Task objective: Look through the data below and extract, unchanged, the lines from the one that contains "1) / real n <" to the one that contains "ennreal (2 * Gamma", both included.

Input records:
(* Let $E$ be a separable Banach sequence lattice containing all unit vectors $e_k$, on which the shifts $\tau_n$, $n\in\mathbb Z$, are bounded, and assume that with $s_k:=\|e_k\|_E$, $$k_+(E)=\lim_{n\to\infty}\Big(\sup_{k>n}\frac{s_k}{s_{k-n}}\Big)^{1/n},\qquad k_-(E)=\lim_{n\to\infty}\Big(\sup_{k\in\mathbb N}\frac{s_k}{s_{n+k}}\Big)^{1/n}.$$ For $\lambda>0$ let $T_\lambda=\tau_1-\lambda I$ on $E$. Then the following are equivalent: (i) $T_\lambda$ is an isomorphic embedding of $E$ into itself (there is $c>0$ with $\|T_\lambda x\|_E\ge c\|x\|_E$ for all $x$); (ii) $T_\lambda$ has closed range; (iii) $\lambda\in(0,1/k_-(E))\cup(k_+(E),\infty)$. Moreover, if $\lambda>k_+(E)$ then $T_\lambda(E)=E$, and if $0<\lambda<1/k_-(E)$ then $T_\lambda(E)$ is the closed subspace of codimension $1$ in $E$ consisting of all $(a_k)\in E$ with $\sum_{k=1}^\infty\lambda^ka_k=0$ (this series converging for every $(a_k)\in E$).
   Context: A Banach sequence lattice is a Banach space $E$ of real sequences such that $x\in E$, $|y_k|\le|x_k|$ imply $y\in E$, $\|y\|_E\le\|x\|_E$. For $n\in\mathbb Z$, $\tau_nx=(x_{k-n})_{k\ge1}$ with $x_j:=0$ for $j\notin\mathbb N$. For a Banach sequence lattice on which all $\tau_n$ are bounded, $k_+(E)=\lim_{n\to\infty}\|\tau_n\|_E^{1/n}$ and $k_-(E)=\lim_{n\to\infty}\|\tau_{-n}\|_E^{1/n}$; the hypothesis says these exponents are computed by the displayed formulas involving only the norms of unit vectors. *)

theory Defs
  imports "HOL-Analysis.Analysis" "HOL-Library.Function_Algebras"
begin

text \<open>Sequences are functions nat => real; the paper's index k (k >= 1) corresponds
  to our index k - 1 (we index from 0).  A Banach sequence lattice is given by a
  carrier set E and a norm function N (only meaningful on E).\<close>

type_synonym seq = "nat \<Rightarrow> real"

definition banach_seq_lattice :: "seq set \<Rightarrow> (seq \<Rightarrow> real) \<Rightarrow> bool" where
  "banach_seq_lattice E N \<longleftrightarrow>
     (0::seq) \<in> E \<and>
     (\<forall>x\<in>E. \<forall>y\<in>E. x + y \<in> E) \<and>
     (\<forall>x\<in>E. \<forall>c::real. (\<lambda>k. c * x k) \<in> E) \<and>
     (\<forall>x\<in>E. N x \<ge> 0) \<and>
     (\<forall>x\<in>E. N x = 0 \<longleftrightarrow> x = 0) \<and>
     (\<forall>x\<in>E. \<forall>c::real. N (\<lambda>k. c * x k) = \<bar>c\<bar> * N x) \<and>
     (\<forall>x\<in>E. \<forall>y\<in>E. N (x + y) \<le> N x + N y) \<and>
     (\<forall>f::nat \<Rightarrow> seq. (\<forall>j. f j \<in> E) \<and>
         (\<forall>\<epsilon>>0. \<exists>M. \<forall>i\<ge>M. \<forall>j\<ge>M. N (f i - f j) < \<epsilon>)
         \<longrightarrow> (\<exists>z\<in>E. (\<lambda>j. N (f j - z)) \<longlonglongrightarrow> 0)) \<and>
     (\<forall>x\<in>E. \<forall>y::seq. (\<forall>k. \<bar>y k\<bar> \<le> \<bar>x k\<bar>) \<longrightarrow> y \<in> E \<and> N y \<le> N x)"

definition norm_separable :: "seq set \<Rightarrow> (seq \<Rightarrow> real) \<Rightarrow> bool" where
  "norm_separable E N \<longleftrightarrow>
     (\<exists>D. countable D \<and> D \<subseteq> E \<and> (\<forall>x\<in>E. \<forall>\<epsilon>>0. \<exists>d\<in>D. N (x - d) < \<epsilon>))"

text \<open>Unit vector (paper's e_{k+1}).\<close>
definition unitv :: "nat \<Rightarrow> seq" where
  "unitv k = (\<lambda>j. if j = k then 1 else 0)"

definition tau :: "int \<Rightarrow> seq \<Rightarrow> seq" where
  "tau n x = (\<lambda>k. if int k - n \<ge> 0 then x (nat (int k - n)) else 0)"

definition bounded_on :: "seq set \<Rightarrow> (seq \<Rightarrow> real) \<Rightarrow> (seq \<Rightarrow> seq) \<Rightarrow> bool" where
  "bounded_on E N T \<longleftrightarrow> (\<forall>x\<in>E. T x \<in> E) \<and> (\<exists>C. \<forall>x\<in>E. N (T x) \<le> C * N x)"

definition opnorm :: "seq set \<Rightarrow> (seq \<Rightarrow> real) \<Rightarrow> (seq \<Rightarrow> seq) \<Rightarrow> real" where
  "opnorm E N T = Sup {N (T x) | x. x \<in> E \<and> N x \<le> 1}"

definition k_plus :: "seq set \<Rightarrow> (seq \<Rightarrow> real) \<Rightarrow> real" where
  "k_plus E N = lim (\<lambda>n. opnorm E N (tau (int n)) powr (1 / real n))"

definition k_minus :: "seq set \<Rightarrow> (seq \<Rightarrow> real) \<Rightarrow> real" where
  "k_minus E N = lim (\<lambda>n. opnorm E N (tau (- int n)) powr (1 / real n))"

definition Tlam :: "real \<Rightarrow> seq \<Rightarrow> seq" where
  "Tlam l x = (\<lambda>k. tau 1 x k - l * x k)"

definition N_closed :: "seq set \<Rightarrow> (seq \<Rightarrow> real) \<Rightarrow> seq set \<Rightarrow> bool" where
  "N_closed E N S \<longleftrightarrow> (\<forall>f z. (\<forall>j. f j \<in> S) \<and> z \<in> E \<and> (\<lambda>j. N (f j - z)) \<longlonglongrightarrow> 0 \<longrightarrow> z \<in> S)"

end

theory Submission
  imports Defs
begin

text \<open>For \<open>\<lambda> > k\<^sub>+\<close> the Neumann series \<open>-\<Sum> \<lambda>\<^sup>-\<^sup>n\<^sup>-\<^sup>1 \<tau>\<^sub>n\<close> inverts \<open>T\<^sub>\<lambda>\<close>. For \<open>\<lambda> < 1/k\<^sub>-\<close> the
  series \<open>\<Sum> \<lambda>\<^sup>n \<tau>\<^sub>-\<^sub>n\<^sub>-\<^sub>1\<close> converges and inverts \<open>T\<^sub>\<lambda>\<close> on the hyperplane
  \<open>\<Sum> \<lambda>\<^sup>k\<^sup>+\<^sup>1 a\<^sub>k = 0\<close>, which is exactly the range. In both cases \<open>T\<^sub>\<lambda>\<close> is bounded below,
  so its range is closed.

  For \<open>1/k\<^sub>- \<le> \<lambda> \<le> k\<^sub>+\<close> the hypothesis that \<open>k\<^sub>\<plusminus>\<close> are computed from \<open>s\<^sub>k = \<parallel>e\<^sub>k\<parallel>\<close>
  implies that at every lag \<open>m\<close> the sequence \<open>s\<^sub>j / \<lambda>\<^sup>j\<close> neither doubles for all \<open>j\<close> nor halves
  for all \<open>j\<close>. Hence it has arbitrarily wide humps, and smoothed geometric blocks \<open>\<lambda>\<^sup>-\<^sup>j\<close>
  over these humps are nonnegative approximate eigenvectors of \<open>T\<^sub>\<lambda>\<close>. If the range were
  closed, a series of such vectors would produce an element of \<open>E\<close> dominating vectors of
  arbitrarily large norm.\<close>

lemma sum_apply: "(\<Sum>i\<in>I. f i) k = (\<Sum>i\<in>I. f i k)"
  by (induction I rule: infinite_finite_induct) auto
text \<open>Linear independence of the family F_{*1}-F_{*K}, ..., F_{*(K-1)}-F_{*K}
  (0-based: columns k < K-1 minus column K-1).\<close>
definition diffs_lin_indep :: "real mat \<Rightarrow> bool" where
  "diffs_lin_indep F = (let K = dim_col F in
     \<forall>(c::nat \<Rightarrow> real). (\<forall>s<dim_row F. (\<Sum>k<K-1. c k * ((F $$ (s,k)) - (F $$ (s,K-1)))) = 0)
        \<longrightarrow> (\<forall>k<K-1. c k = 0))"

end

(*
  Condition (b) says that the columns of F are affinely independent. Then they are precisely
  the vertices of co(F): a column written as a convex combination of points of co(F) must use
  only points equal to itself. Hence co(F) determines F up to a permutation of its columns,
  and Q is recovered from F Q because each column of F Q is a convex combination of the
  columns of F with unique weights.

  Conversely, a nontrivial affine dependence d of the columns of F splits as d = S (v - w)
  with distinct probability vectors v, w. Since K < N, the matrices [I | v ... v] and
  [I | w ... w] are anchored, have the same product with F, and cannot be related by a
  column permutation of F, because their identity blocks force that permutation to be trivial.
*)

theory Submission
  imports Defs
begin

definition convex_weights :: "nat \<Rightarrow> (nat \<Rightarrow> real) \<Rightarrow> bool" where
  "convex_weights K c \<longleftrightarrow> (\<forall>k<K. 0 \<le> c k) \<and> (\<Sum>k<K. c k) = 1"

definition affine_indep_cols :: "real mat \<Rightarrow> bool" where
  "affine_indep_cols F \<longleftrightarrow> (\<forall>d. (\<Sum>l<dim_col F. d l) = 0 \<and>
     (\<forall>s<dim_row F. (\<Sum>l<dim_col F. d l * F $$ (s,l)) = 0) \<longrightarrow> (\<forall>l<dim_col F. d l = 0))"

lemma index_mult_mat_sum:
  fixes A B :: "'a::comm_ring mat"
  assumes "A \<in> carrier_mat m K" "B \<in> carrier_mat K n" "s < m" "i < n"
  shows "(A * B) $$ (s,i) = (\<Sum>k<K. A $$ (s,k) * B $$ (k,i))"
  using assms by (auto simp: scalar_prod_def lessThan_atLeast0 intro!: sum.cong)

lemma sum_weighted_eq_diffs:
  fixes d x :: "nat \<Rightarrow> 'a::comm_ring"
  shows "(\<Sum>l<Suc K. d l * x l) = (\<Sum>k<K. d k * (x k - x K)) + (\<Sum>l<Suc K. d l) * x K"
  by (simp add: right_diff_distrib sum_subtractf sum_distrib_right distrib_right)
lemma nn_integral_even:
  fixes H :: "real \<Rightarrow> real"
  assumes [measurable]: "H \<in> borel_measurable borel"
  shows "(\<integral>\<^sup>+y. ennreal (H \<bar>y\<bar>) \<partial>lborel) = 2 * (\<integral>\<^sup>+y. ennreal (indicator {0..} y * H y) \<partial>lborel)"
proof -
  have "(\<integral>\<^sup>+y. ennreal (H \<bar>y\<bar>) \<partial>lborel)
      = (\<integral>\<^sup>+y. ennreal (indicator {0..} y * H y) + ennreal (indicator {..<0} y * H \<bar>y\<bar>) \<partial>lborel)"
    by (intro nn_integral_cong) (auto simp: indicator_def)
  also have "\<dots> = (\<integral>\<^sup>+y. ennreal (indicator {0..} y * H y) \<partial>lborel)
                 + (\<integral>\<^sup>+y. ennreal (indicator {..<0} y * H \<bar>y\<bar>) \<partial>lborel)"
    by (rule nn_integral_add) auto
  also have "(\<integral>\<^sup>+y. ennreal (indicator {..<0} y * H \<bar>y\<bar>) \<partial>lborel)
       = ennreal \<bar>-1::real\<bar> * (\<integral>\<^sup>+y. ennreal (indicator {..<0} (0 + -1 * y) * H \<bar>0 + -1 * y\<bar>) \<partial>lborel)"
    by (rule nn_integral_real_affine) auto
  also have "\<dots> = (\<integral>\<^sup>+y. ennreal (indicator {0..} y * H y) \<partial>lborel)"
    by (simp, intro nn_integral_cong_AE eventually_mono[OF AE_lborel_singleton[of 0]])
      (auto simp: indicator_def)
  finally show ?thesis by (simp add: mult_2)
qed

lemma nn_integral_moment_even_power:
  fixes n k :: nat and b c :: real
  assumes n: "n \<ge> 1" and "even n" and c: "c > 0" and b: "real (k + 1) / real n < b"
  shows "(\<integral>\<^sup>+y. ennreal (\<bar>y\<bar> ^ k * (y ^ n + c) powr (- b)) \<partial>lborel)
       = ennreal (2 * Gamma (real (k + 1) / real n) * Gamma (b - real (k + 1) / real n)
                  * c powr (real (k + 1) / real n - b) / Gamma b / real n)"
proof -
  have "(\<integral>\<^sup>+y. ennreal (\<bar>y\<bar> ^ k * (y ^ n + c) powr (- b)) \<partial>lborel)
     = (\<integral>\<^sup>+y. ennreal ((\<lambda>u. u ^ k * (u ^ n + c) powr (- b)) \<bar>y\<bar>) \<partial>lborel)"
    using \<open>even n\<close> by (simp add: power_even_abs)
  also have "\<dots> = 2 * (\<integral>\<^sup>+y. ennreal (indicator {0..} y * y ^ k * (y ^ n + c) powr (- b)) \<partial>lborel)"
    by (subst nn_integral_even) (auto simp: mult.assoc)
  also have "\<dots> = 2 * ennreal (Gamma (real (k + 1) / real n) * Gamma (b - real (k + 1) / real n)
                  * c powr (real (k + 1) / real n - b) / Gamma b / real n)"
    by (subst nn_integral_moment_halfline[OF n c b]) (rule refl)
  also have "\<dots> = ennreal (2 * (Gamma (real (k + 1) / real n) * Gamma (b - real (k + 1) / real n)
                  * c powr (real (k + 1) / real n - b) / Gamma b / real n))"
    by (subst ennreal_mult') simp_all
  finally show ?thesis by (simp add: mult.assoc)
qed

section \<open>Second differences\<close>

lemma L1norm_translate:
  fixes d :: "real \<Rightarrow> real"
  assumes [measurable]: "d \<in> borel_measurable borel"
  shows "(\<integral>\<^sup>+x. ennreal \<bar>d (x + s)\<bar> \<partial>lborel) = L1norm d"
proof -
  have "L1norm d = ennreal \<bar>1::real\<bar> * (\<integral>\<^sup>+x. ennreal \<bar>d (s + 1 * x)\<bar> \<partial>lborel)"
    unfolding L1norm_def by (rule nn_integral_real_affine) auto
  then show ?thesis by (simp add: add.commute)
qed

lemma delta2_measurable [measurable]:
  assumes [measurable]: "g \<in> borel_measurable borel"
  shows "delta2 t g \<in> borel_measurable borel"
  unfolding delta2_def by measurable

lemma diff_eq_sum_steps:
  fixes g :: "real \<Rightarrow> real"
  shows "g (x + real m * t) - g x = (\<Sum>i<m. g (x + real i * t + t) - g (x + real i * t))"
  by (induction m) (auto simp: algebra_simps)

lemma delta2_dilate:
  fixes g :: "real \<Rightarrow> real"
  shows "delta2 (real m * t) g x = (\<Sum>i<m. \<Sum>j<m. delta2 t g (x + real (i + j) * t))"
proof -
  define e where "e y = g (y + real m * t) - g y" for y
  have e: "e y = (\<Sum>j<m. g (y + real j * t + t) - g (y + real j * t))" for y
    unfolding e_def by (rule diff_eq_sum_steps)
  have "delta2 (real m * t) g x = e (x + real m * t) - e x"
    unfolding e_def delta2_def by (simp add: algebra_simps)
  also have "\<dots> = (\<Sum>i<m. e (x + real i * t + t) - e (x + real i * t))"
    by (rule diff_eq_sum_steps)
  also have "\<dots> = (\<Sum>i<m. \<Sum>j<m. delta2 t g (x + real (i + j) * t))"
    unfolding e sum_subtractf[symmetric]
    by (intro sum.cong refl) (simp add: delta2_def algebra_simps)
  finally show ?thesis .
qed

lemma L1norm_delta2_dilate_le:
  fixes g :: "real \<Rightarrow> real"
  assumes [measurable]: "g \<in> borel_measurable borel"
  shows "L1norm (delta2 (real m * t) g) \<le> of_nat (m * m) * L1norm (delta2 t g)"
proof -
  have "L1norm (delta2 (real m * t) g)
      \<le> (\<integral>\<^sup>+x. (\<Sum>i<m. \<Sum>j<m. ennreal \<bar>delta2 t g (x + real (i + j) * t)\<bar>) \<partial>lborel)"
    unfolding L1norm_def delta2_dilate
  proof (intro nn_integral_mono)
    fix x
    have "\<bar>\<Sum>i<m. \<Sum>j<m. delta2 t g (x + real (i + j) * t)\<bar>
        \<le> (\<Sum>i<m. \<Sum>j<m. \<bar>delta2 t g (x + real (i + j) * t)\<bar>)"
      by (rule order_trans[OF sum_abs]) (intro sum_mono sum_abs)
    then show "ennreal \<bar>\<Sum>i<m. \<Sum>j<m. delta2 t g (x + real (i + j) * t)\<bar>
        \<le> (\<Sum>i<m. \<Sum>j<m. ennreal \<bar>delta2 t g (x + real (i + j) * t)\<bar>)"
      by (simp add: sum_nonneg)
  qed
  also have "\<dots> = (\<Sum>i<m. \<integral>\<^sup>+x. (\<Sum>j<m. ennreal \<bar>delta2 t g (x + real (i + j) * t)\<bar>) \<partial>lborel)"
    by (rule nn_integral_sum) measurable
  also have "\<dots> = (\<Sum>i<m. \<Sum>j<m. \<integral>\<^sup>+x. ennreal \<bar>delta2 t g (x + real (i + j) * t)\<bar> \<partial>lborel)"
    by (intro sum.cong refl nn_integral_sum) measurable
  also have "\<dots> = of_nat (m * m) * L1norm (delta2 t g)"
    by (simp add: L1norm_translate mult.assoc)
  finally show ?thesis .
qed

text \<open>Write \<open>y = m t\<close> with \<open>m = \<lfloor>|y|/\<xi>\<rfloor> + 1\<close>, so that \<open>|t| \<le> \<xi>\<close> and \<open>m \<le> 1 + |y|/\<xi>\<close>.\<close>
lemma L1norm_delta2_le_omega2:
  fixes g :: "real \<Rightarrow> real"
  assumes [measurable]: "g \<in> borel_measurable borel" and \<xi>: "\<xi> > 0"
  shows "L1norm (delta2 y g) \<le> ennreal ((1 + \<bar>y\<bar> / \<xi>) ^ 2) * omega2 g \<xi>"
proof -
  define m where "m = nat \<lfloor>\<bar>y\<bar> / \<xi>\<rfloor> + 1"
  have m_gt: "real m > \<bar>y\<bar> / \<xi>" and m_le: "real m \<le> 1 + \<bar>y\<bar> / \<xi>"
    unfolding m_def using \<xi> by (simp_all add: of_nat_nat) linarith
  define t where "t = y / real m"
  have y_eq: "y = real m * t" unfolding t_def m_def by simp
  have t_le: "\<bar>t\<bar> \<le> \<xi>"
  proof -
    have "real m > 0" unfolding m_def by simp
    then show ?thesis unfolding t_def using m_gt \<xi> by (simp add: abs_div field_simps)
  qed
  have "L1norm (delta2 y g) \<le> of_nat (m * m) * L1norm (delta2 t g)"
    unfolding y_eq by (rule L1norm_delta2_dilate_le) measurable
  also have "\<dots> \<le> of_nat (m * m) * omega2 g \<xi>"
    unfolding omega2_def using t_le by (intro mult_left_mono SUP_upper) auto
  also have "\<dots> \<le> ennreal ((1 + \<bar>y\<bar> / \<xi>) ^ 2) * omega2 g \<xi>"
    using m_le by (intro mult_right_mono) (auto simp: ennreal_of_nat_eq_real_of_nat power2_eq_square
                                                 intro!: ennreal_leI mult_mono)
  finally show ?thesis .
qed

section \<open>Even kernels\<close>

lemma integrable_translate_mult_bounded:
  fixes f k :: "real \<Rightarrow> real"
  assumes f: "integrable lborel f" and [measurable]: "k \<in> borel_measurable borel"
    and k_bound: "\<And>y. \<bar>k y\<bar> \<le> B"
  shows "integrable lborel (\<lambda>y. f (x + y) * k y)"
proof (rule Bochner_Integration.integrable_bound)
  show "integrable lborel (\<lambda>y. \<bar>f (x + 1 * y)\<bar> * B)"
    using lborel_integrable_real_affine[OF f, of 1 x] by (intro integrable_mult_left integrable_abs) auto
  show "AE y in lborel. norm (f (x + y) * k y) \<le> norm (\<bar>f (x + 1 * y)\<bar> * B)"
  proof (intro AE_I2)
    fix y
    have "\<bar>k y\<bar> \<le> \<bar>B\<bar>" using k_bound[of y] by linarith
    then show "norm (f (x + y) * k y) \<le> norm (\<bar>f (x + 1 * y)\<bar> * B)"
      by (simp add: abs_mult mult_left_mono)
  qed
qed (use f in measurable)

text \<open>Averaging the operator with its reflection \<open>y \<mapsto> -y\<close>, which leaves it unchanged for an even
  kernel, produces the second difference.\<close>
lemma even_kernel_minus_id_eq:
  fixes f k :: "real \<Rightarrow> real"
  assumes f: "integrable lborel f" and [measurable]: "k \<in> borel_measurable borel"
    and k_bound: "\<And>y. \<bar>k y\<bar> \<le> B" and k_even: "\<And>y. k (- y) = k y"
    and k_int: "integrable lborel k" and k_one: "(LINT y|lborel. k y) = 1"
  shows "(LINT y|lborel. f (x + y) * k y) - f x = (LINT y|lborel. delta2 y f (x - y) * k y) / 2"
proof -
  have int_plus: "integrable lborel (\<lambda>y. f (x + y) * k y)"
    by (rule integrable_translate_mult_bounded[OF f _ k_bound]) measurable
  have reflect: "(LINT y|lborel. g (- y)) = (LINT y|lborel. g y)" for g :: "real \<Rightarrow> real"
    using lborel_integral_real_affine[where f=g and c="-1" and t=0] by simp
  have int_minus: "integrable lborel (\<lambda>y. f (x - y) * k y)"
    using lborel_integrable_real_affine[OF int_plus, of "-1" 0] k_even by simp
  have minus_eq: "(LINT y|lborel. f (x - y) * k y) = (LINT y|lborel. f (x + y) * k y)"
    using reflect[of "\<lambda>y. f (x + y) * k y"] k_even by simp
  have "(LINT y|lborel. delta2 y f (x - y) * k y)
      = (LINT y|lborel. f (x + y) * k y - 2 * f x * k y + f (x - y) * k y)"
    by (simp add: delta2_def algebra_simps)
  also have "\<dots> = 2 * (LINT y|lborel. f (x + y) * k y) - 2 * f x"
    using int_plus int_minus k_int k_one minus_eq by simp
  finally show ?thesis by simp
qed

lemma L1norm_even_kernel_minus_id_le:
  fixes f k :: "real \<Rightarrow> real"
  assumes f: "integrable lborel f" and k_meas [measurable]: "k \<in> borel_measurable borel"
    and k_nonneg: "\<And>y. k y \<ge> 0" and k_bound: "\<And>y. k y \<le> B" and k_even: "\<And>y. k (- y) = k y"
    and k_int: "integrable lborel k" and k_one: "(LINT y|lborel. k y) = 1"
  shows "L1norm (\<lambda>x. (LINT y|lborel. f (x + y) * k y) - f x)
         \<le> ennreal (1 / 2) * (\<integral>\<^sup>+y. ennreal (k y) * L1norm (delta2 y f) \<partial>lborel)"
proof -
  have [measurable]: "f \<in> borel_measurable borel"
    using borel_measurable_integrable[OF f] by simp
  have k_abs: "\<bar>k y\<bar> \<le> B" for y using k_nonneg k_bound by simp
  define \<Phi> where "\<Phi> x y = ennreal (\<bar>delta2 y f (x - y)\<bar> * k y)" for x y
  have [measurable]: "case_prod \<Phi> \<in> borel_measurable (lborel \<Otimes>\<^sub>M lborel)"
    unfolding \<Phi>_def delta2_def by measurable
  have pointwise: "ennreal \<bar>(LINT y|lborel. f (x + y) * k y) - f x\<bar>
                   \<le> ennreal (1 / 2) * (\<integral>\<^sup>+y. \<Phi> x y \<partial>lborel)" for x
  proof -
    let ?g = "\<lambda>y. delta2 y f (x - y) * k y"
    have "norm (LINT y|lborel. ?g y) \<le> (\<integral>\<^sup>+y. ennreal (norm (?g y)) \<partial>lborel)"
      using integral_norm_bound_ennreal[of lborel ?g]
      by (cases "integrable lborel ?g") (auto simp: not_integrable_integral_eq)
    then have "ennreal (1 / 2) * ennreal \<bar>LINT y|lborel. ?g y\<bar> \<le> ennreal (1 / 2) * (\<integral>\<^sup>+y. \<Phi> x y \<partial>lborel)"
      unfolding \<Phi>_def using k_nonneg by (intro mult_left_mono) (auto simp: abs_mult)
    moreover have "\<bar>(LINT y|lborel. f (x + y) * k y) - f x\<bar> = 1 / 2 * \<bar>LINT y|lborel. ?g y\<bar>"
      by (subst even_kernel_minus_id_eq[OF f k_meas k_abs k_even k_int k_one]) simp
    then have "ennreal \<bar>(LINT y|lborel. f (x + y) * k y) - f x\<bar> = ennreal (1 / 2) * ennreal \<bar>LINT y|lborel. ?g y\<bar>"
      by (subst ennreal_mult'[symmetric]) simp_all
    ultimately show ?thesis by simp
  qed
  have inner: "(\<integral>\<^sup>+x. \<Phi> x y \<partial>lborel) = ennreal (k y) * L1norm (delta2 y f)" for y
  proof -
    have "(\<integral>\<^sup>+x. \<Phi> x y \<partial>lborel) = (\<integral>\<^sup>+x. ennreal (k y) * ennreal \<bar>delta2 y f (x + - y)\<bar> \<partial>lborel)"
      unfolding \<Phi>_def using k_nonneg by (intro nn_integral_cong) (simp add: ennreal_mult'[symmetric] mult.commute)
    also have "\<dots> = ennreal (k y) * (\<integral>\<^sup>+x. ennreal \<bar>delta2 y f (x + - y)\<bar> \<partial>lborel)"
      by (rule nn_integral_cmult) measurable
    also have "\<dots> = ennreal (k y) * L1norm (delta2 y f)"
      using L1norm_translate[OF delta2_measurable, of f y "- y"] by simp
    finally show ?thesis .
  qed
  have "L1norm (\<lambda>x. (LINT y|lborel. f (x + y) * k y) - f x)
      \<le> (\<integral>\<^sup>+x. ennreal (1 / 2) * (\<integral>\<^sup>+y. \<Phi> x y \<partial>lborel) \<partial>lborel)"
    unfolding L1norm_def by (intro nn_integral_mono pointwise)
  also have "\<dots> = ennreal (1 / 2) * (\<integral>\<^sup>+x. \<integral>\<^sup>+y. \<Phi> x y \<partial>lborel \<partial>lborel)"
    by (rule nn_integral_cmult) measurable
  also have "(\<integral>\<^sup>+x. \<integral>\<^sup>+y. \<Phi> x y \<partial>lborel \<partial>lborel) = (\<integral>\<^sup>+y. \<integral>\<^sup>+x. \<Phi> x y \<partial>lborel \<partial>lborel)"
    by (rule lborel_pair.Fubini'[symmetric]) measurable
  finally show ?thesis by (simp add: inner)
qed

Solution to the problem:
  assumes n: "n \<ge> 1" and "even n" and c: "c > 0" and b: "real (k + 1) / real n < b"
  shows "(\<integral>\<^sup>+y. ennreal (\<bar>y\<bar> ^ k * (y ^ n + c) powr (- b)) \<partial>lborel)
       = ennreal (2 * Gamma (real (k + 1) / real n) * Gamma (b - real (k + 1) / real n)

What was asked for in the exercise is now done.